Promised X, delivered Y — and Ford's electric business is still delivering losses. Ford's Q1 2026 Form 10-Q reports its Model e segment with revenue of $1,242 million and an EBIT loss of $849 million, an EBIT margin of -68.4%. A year earlier the segment ran a -63.1% margin, so the loss rate as a share of revenue actually widened, not narrowed, in this comparison.

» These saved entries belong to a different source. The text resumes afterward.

(* Consider the following two-player complete-information contest. Players $X$ and $Y$ choose efforts $x,y\in[0,\infty)$. Fix real parameters $a\neq 0$, $b>0$, $c>0$ and a common marginal cost $\theta$ with $0<\theta<c$. Player $X$'s payoff is $P(x,y)-\theta x$ and player $Y$'s payoff is $1-P(x,y)-\theta y$, where $P(x,y)=\tfrac12+(x-y)\bigl(c-b(x+y)+axy\bigr)$ (no truncation; this is the "unrestricted" contest). Let $\kappa=b/a$ and $\zeta=\kappa^2-\frac{c-\theta}{a}=\frac{b^2-a(c-\theta)}{a^2}$. (1) If $\zeta\ge 0$, the unrestricted contest has a unique Nash equilibrium (in pure or mixed strategies), and it is the symmetric pure profile $x^*=y^*=\kappa-\operatorname{sgn}(a)\sqrt{\zeta}$. (2) If $\zeta<0$, no pure-strategy equilibrium exists. Every mixed equilibrium $(\mu_X,\mu_Y)$ satisfies $E[x]=E[y]=\kappa$ and $\operatorname{Var}(x)=\operatorname{Var}(y)=-\zeta$; conversely, every pair of probability distributions on $[0,\infty)$ with mean $\kappa$ and variance $-\zeta$ is a mixed Nash equilibrium of the unrestricted contest. The two regions meet at $\zeta=0$, i.e. when $b^2=a(c-\theta)$.
   Context: Mixed strategies are probability distributions on $[0,\infty)$ with finite second moments, so that expected payoffs are well defined. A "mixed equilibrium" in part (2) means an equilibrium in which at least one player uses a nondegenerate distribution. *)

theory Defs
  imports "HOL-Probability.Probability"
begin

definition winP :: "real \<Rightarrow> real \<Rightarrow> real \<Rightarrow> real \<Rightarrow> real \<Rightarrow> real" where
  "winP a b c x y = 1/2 + (x - y) * (c - b * (x + y) + a * x * y)"

definition strategy :: "real measure \<Rightarrow> bool" where
  "strategy M \<longleftrightarrow> prob_space M \<and> sets M = sets borel \<and> (AE x in M. 0 \<le> x)
     \<and> integrable M (\<lambda>x. x ^ 2)"

definition payoffX :: "real \<Rightarrow> real \<Rightarrow> real \<Rightarrow> real \<Rightarrow> real measure \<Rightarrow> real measure \<Rightarrow> real" where
  "payoffX a b c \<theta> M N =
     (\<integral>z. winP a b c (fst z) (snd z) \<partial>(M \<Otimes>\<^sub>M N)) - \<theta> * (\<integral>x. x \<partial>M)"

definition payoffY :: "real \<Rightarrow> real \<Rightarrow> real \<Rightarrow> real \<Rightarrow> real measure \<Rightarrow> real measure \<Rightarrow> real" where
  "payoffY a b c \<theta> M N =
     (\<integral>z. 1 - winP a b c (fst z) (snd z) \<partial>(M \<Otimes>\<^sub>M N)) - \<theta> * (\<integral>y. y \<partial>N)"

definition nash :: "real \<Rightarrow> real \<Rightarrow> real \<Rightarrow> real \<Rightarrow> real measure \<Rightarrow> real measure \<Rightarrow> bool" where
  "nash a b c \<theta> M N \<longleftrightarrow> strategy M \<and> strategy N \<and>
     (\<forall>M'. strategy M' \<longrightarrow> payoffX a b c \<theta> M' N \<le> payoffX a b c \<theta> M N) \<and>
     (\<forall>N'. strategy N' \<longrightarrow> payoffY a b c \<theta> M N' \<le> payoffY a b c \<theta> M N)"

Ford's segment structure is what makes this readable. Unlike automakers that bury EV economics inside a blended automotive line, Ford reports Model e (electric), Ford Blue (combustion), and Ford Pro (commercial) separately. That choice means an analyst can see the EV segment's revenue and EBIT in isolation, and the isolation is unflattering: roughly $0.68 of EBIT loss for every $1.00 of Model e revenue this quarter.

The interesting number is buried, as ever. A -68.4% EBIT margin on a small revenue base is a business still paying for capacity and engineering ahead of volume. The forward question a markets desk should track is the trajectory of the loss in dollars and as a margin, quarter over quarter — and whether Ford continues to fund the segment at this rate or pulls back, as several peers have signaled.

Context from the annual filing sharpens it: Ford's FY2025 10-K notes a Corporate Other EBIT loss of $838 million for the year, a separate line, which underscores that Model e is not the only drag a reader has to net against the profitable Blue and Pro segments. Reading Ford means reading the segments against each other, not the consolidated total alone.

The Model e revenue and EBIT figures sit in Ford's Q1 2026 10-Q segment tables, with the annual context in the 10-K, both surfaced via EdgarBeast. For an earnings desk, -68.4% is the entry that defines Ford's EV quarter.